The result were heavy international dispute settlement claims. In the year 2006 on third of all ICSID claims were targeted against Argentinia. Some lawsuits have already been finished: Argentinia is supposed to pay 165 Million USD to the water supplier Azurix (USA), 54 Million USD to the energy supplier National Grid (UK), 133 Million USD to the gas supplier CMS (USA) and 185 Million USD to the investment group BF (UK).
In the face of these horrifying prospects the Argentinian government considers to break up with all of its free trade agreements which contain so called investor protection clauses. This may be the only viable way for the future. Other countries like Ecuador, Venezuela and Bolivia have already done so.
We believe that it should not be necessary to comment any further about any of these issues as we believe that most people will have a natural feeling of justice. Isn`t it direly perverted to prosecute those people by law who should in deed be saved against various partially severe crimes commited by leaders of international concerns and companies? .- apart from the fact that many, most or all of the said cases seem to contradict legal conceptions as they are currently established a.o. in the member states of the European Union (The really bad thing is that these courts take precedence over national courts.).
For those who simply can not believe what they have just read it should be time to wake up!
Joining one of the free trade agreements like TTIP, CETA or TISA at least without discarding the clauses for investor state protection may be the end of the “European Dream”. It is most likely that Europe would simply fall apart into singleton nation states (which we believe can defend themselves much worse than a joint union of states; one could just remember the GATS which was taken back in Austria only because of joining the European Union) because withdrawing from such agreements and staying part of the European Union would only be possible if all government heads consented. We believe it to be almost impossible that any folk of the world will bear such an aggravation of injustice, crime and deterioration of living circumstance in endurance.

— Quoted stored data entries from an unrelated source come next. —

lemma strictly_convex_space_midpoint_eq:
  fixes p q :: "'b::real_normed_vector"
  assumes "strictly_convex_space TYPE('b)"
    and "norm p \<le> d" "norm q \<le> d" "norm (midpoint p q) = d"
  shows "p = q"
proof (rule ccontr)
  assume "p \<noteq> q"
  have "d \<le> (norm p + norm q) / 2"
    using assms(4) norm_triangle_ineq[of p q] by (simp add: midpoint_def)
  then have "norm p = d" and "norm q = d"
    using assms(2,3) by auto
  then have "d > 0"
    using \<open>p \<noteq> q\<close> by (metis norm_eq_zero norm_ge_zero order_le_less)
  have "norm (midpoint (p /\<^sub>R d) (q /\<^sub>R d)) < 1"
    using assms(1) \<open>p \<noteq> q\<close> \<open>norm p = d\<close> \<open>norm q = d\<close> \<open>d > 0\<close>
    unfolding strictly_convex_space_def midpoint_def by simp
  moreover have "midpoint (p /\<^sub>R d) (q /\<^sub>R d) = midpoint p q /\<^sub>R d"
    by (simp add: midpoint_def algebra_simps)
  ultimately show False
    using assms(4) \<open>d > 0\<close> by simp
qed

lemma extreme_points_caratheodory:
  fixes K :: "'a::euclidean_space set"
  assumes "compact K" "convex K" "x \<in> K"
  obtains S where "finite S" "S \<subseteq> {p. p extreme_point_of K}" "card S \<le> aff_dim K + 1"
    "x \<in> convex hull S"
proof -
  let ?E = "{p. p extreme_point_of K}"
  have "x \<in> convex hull ?E"
    using Krein_Milman_Minkowski[OF assms(1,2)] assms(3) by simp
  then obtain S where "finite S" "S \<subseteq> ?E" "card S \<le> aff_dim ?E + 1" "x \<in> convex hull S"
    using caratheodory_aff_dim[of ?E] by auto
  moreover have "aff_dim ?E \<le> aff_dim K"
    by (rule aff_dim_subset) (auto simp: extreme_point_of_def)
  ultimately show ?thesis
    by (intro that[of S]) simp_all
qed

lemma convex_hull_finite_nat_indexed:
  assumes "finite S" "x \<in> convex hull S"
  obtains ys :: "nat \<Rightarrow> 'a::real_vector" and l :: "nat \<Rightarrow> real"
  where "\<forall>i\<in>{1..card S}. ys i \<in> S \<and> 0 \<le> l i" "(\<Sum>i=1..card S. l i) = 1"
    "x = (\<Sum>i=1..card S. l i *\<^sub>R ys i)"
proof -
  obtain u where u: "\<forall>p\<in>S. 0 \<le> u p" "sum u S = 1" "(\<Sum>p\<in>S. u p *\<^sub>R p) = x"
    using assms(2) unfolding convex_hull_finite[OF assms(1)] by blast
  obtain g where g: "bij_betw g {1..card S} S"
    using ex_bij_betw_nat_finite_1[OF assms(1)] by blast
  show ?thesis
  proof (rule that[of g "u \<circ> g"])
    show "\<forall>i\<in>{1..card S}. g i \<in> S \<and> 0 \<le> (u \<circ> g) i"
      using bij_betwE[OF g] u(1) by auto
    show "(\<Sum>i=1..card S. (u \<circ> g) i) = 1"
      using sum.reindex_bij_betw[OF g, of u] u(2) by simp
    show "x = (\<Sum>i=1..card S. (u \<circ> g) i *\<^sub>R g i)"
      using sum.reindex_bij_betw[OF g, of "\<lambda>p. u p *\<^sub>R p"] u(3) by simp
  qed
qed
lemma Psi_series_between_barriers:
  assumes "\<nu> \<ge> 0" "x > 0"
  defines "c \<equiv> \<nu> + 1/2"
  shows "riccati_barrier c (c + 2) x < Psi_series \<nu> x" "Psi_series \<nu> x < riccati_barrier c c x"
proof -
  have c: "c > 0" unfolding c_def using assms by simp
  define s where "s b t = sqrt (t\<^sup>2 + b\<^sup>2)" for b t :: real
  define w' where "w' b t = (c * s b t + b\<^sup>2) / (s b t * (c + s b t)\<^sup>2)" for b t
  have barrier: "(riccati_barrier c b has_real_derivative w' b t) (at t)" if "b > 0" for b t
    unfolding w'_def s_def using DERIV_riccati_barrier[of c b t] c that by simp
  have Psi: "(Psi_series \<nu> has_real_derivative
      1 - 2 * c / t * Psi_series \<nu> t - (Psi_series \<nu> t)\<^sup>2) (at t)" if "t > 0" for t
    using Psi_series_riccati[OF assms(1)] that unfolding c_def by (simp add: algebra_simps)
  have s_pos: "s b t > 0" if "b > 0" for b t
    unfolding s_def using that by (simp add: add_nonneg_pos)
  have Psi0: "((\<lambda>x. Psi_series \<nu> x / x) \<longlongrightarrow> 1 / (2 * c + 1)) (at_right 0)"
    using Psi_series_over_x_at_0[OF assms(1)] unfolding c_def by (simp add: algebra_simps)
  show "Psi_series \<nu> x < riccati_barrier c c x"
  proof (rule less_if_DERIV_less_at_contact[OF Psi barrier _ Psi0 riccati_barrier_over_x_at_0])
    fix t :: real assume t: "t > 0" and contact: "Psi_series \<nu> t = riccati_barrier c c t"
    have "1 - 2 * c / t * riccati_barrier c c t - (riccati_barrier c c t)\<^sup>2 - w' c t
        = (c\<^sup>2 - c\<^sup>2 - c - c\<^sup>2 / s c t) / (c + s c t)\<^sup>2"
      using riccati_barrier_defect[OF c c t] unfolding w'_def s_def .
    also have "\<dots> < 0"
    proof (rule divide_neg_pos)
      have "c\<^sup>2 / s c t \<ge> 0" using s_pos[OF c, of t] by simp
      thus "c\<^sup>2 - c\<^sup>2 - c - c\<^sup>2 / s c t < 0" using c by linarith
    qed (use c s_pos[OF c, of t] in simp)
    finally show "1 - 2 * c / t * Psi_series \<nu> t - (Psi_series \<nu> t)\<^sup>2 < w' c t"
      using contact by simp
  qed (use c assms in \<open>auto simp: field_simps\<close>)
  text \<open>Any \<open>b > c + 1\<close> makes \<open>b\<^sup>2 - c\<^sup>2 - c - b > 0\<close>, i.e. a subsolution, and at the
    same time keeps the barrier below \<open>\<Psi>\<^sub>\<nu>\<close> near \<open>0\<close>.\<close>
  show "riccati_barrier c (c + 2) x < Psi_series \<nu> x"
  proof (rule less_if_DERIV_less_at_contact[OF barrier Psi _ riccati_barrier_over_x_at_0 Psi0])
    fix t :: real assume t: "t > 0" "riccati_barrier c (c + 2) t = Psi_series \<nu> t"
    have b: "c + 2 > 0" using c by simp
    have "(c + 2)\<^sup>2 < s (c + 2) t ^ 2" using t unfolding s_def by simp
    hence "c + 2 < s (c + 2) t" by (rule power2_less_imp_less[OF _ less_imp_le[OF s_pos[OF b]]])
    hence "(c + 2) * (c + 2) < (c + 2) * s (c + 2) t" using b by (rule mult_strict_left_mono)
    hence "(c + 2)\<^sup>2 / s (c + 2) t < c + 2"
      using s_pos[OF b, of t] by (simp add: pos_divide_less_eq power2_eq_square mult.commute)
    hence "(c + 2)\<^sup>2 - c\<^sup>2 - c - (c + 2)\<^sup>2 / s (c + 2) t > 0"
      using c by (simp add: power2_eq_square algebra_simps)
    hence "0 < ((c + 2)\<^sup>2 - c\<^sup>2 - c - (c + 2)\<^sup>2 / s (c + 2) t) / (c + s (c + 2) t)\<^sup>2"
      using c s_pos[OF b, of t] by (intro divide_pos_pos) auto
    also have "\<dots> = 1 - 2 * c / t * riccati_barrier c (c + 2) t - (riccati_barrier c (c + 2) t)\<^sup>2
        - w' (c + 2) t"
      using riccati_barrier_defect[OF c b \<open>t > 0\<close>] unfolding w'_def s_def by simp
    finally show "w' (c + 2) t < 1 - 2 * c / t * Psi_series \<nu> t - (Psi_series \<nu> t)\<^sup>2"
      using t by simp
  qed (use c assms in \<open>auto simp: field_simps\<close>)
qed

Note that in our opinion not even an economic justifications can be given for so called investor state dispute resolutions. Interest rates and profits are considered to be a compensation for economic engagement and especially the risks. If there is no more risk for the investor because the public becomes liable for enterpreneurial risks then what justification is there for high profits? (We also see this with large banks which are considered “system critical”.) It is heavily unfair in order not to say that it is a crime to challenge the public for expected profits and the risk of loss; apart from that: How fair is a game where those who are in leadership can change the rules of the game arbitrarily?